Gernot Wagner, NYU, presents this week's seminar. Watch on Zoom.

About Dr. Wagner

Gernot Wagner teaches climate economics at NYU, co-wrote Climate Shock, and writes Bloomberg’s Risky Climate column. Learn about his research on his website.

Risk and uncertainty are important in pricing climate damages. Despite a burgeoning literature, attempts to marry insights from asset pricing with climate economics have largely failed to supplement—let alone supplant—decades-old climate–economy models, largely due to their analytic and computational complexity.
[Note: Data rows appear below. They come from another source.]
lemma dom_assoc [simp]: "cdom M (cassoc M a b c) = T (T a b) c"
  and cod_assoc [simp]: "ccod M (cassoc M a b c) = T a (T b c)"
  and iso_assoc: "iso M (cassoc M a b c)"
  and assoc_natural: "cassoc M (ccod M f) (ccod M g) (ccod M h) \<cdot> ((f \<star> g) \<star> h)
                     = (f \<star> (g \<star> h)) \<cdot> cassoc M (cdom M f) (cdom M g) (cdom M h)"
  and dom_runit [simp]: "cdom M (crunit M a) = T a (cunit M)"
  and cod_runit [simp]: "ccod M (crunit M a) = a"
  and iso_runit: "iso M (crunit M a)"
  and runit_natural: "crunit M (ccod M f) \<cdot> (f \<star> cide M (cunit M)) = f \<cdot> crunit M (cdom M f)"
  using monoidal unfolding monoidal_def Let_def by auto

lemma iso_tensor: "iso M f \<Longrightarrow> iso M g \<Longrightarrow> iso M (f \<star> g)"
proof -
  assume "iso M f" "iso M g"
  then obtain f' g' where
    "cdom M f' = ccod M f" "ccod M f' = cdom M f" "f' \<cdot> f = cide M (cdom M f)" "f \<cdot> f' = cide M (ccod M f)"
    "cdom M g' = ccod M g" "ccod M g' = cdom M g" "g' \<cdot> g = cide M (cdom M g)" "g \<cdot> g' = cide M (ccod M g)"
    by (elim isoE)
  then show "iso M (f \<star> g)" unfolding iso_def
    by (intro exI[of _ "f' \<star> g'"]) (simp flip: interchange)
qed

lemma endofunctor_tensor_right: "endofunctor M (\<lambda>a. T a c) (\<lambda>f. f \<star> cide M c)"
  unfolding endofunctor_def by (simp flip: interchange)

lemma endofunctor_tensor_right_twice:
  "endofunctor M (\<lambda>a. T (T a c) d) (\<lambda>f. (f \<star> cide M c) \<star> cide M d)"
  using endofunctor_comp[OF endofunctor_tensor_right endofunctor_tensor_right] by (simp add: o_def)

definition has_right_tensor_inverse :: "'o \<Rightarrow> bool" where
  "has_right_tensor_inverse c \<longleftrightarrow>
     (\<exists>d e. cdom M e = T c d \<and> ccod M e = cunit M \<and> iso M e)"

context
  fixes c d e
  assumes dom_e: "cdom M e = T c d" and cod_e: "ccod M e = cunit M" and iso_e: "iso M e"
begin

definition cancel_right :: "'o \<Rightarrow> 'm" where
  "cancel_right x = crunit M x \<cdot> (cide M x \<star> e) \<cdot> cassoc M x c d"

lemma dom_cancel_right: "cdom M (cancel_right x) = T (T x c) d"
  and cod_cancel_right: "ccod M (cancel_right x) = x"
  unfolding cancel_right_def using dom_e cod_e by simp_all

lemma iso_cancel_right: "iso M (cancel_right x)"
  unfolding cancel_right_def using dom_e cod_e
  by (intro iso_comp iso_tensor iso_id iso_e iso_assoc iso_runit) simp_all

lemma cancel_right_natural:
  "cancel_right (ccod M f) \<cdot> ((f \<star> cide M c) \<star> cide M d) = f \<cdot> cancel_right (cdom M f)"
proof -
  let ?x = "cdom M f" and ?y = "ccod M f"
  have assoc_f: "cassoc M ?y c d \<cdot> ((f \<star> cide M c) \<star> cide M d) = (f \<star> cide M (T c d)) \<cdot> cassoc M ?x c d"
    using assoc_natural[of f "cide M c" "cide M d"] by simp
  have e_f: "(cide M ?y \<star> e) \<cdot> (f \<star> cide M (T c d)) = (f \<star> cide M (cunit M)) \<cdot> (cide M ?x \<star> e)"
    using dom_e cod_e by (simp flip: interchange)
  have "cancel_right ?y \<cdot> ((f \<star> cide M c) \<star> cide M d)
      = crunit M ?y \<cdot> (cide M ?y \<star> e) \<cdot> cassoc M ?y c d \<cdot> ((f \<star> cide M c) \<star> cide M d)"
    unfolding cancel_right_def using dom_e cod_e by simp
  also have "\<dots> = crunit M ?y \<cdot> (cide M ?y \<star> e) \<cdot> (f \<star> cide M (T c d)) \<cdot> cassoc M ?x c d"
    by (simp only: assoc_f)
  also have "\<dots> = crunit M ?y \<cdot> (f \<star> cide M (cunit M)) \<cdot> (cide M ?x \<star> e) \<cdot> cassoc M ?x c d"
    using comp_reassoc[OF e_f] dom_e cod_e by simp
  also have "\<dots> = f \<cdot> crunit M ?x \<cdot> (cide M ?x \<star> e) \<cdot> cassoc M ?x c d"
    using comp_reassoc[OF runit_natural[of f]] dom_e cod_e by simp
  finally show ?thesis unfolding cancel_right_def .
qed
In this work, we introduce a simple, modular framework that identifies core trade-offs, highlights the sensitivity of results to key inputs, and helps pinpoint areas for further work.

About the Seminar

Pricing greenhouse-gas (GHG) emissions involves making trade-offs between consumption today and unknown damages in the (distant) future. While decision making under risk and uncertainty is the forte of financial economics, important insights from pricing financial assets do not typically inform standard climate–economy models. Here, we introduce EZ-Climate, a simple recursive dynamic asset pricing model that allows for a calibration of the carbon dioxide (CO2) price path based on probabilistic assumptions around climate damages. Atmospheric CO2 is the “asset” with a negative expected return. The economic model focuses on society’s willingness to substitute consumption across time and across uncertain states of nature, enabled by an Epstein–Zin (EZ) specification that delinks preferences over risk from inter-temporal substitution. In contrast to most modeled CO2 price paths, EZ-Climate suggests a high price today that is expected to decline over time as the “insurance” value of mitigation declines and technological change makes emissions cuts cheaper. Second, higher risk aversion increases both the CO2 price and the risk premium relative to expected damages. Lastly, our model suggests large costs associated with delays in pricing CO2 emissions. In our base case, delaying implementation by 1 y leads to annual consumption losses of over 2%, a cost that roughly increases with the square of time per additional year of delay. The model also makes clear how sensitive results are to key inputs.